In mechanics, the net force is the sum of all the forces acting on an object. For example, if two forces are acting upon an object in opposite directions, and one force is greater than the other, the forces can be replaced with a single force that is the difference of the greater and smaller force. That force is the net force.

When forces act upon an object, they change its acceleration. The net force is the combined effect of all the forces on the object's acceleration, as described by Newton's second law of motion.

When the net force is applied at a specific point on an object, the associated torque can be calculated. The sum of the net force and torque is called the resultant force, which causes the object to rotate in the same way as all the forces acting upon it would if they were applied individually.

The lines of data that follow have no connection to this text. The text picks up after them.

lemma neg_add: assumes "a \<in> dg_elems D n" shows "dg_add D (dg_smul D (-1) a) a = dg_zero D"
proof -
  have na: "dg_smul D (-1) a \<in> dg_elems D n" using assms by blast
  show ?thesis using add_commute[OF na assms] add_neg[OF assms] by simp
qed

lemma add_left_cancel: assumes "a \<in> dg_elems D n" "b \<in> dg_elems D n" "c \<in> dg_elems D n"
  and "dg_add D a b = dg_add D a c" shows "b = c"
proof -
  have na: "dg_smul D (-1) a \<in> dg_elems D n" using assms by blast
  have "b = dg_add D (dg_add D (dg_smul D (-1) a) a) b"
    using neg_add[OF assms(1)] assms by simp
  also have "\<dots> = dg_add D (dg_smul D (-1) a) (dg_add D a b)"
    using add_assoc[OF na assms(1) assms(2)] .
  also have "\<dots> = dg_add D (dg_smul D (-1) a) (dg_add D a c)" using assms by simp
  also have "\<dots> = dg_add D (dg_add D (dg_smul D (-1) a) a) c"
    using add_assoc[OF na assms(1) assms(3)] by simp
  also have "\<dots> = c" using neg_add[OF assms(1)] assms by simp
  finally show ?thesis .
qed

lemma smul_zero_left[simp]: assumes "a \<in> dg_elems D n" shows "dg_smul D 0 a = dg_zero D"
proof -
  have s: "dg_smul D 0 a \<in> dg_elems D n" using assms by blast
  have "dg_add D (dg_smul D 0 a) (dg_smul D 0 a) = dg_add D (dg_smul D 0 a) (dg_zero D)"
    using add_smul[OF assms, of 0 0] add_zero[OF s] by simp
  then show ?thesis using add_left_cancel[OF s s zero_closed] by blast
qed

lemma smul_zero_right[simp]: "dg_smul D c (dg_zero D) = dg_zero D"
proof -
  have "dg_smul D c (dg_zero D) = dg_smul D c (dg_smul D 0 (dg_zero D))"
    using smul_zero_left[of "dg_zero D" 0] by simp
  also have "\<dots> = dg_smul D (c * 0) (dg_zero D)" using smul_smul[of "dg_zero D" 0 c 0] by simp
  also have "\<dots> = dg_zero D" using smul_zero_left[of "dg_zero D" 0] by simp
  finally show ?thesis .
qed

lemma mul_zero_left[simp]: assumes "e \<in> dg_elems D n" shows "dg_mul D (dg_zero D) e = dg_zero D"
proof -
  have z: "dg_mul D (dg_zero D) e \<in> dg_elems D n" using mul_closed[OF zero_closed assms, of 0] by simp
  have "dg_mul D (dg_zero D) e = dg_mul D (dg_smul D 0 (dg_zero D)) e"
    by simp
  also have "\<dots> = dg_smul D 0 (dg_mul D (dg_zero D) e)"
    using mul_smul_left[OF zero_closed assms] by simp
  also have "\<dots> = dg_zero D" using smul_zero_left[OF z] .
  finally show ?thesis .
qed

lemma mul_zero_right[simp]: assumes "a \<in> dg_elems D m" shows "dg_mul D a (dg_zero D) = dg_zero D"
  using mul_commute[OF assms zero_closed[of 0]] assms by simp

lemma mul_one[simp]: assumes "a \<in> dg_elems D m" shows "dg_mul D a (dg_one D) = a"
  using mul_commute[OF assms one_closed] assms by simp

It is possible for all the forces acting upon an object to produce no torque at all. This happens when the net force is applied along the line of action.

In some texts, the terms resultant force and net force are used as if they mean the same thing. This is not always true, especially in complex topics like the motion of spinning objects or situations where everything is perfectly balanced, known as static equilibrium. In these cases, it is important to understand that "net force" and "resultant force" can have distinct meanings.

==Concept==

In physics, a force is considered a vector quantity. This means that it not only has a size (or magnitude) but also a direction in which it acts. We typically represent force with the symbol F in boldface, or sometimes, we place an arrow over the symbol to indicate its vector nature, like this: $\mathbf F$.

When we need to visually represent a force, we draw a line segment. This segment starts at a point A, where the force is applied, and ends at another point B. This line not only gives us the direction of the force (from A to B) but also its magnitude: the longer the line, the stronger the force.

One of the essential concepts in physics is that forces can be added together, which is the basis of vector addition. This concept has been central to physics since the times of Galileo and Newton, forming the cornerstone of Vector calculus, which came into its own in the late 1800s and early 1900s.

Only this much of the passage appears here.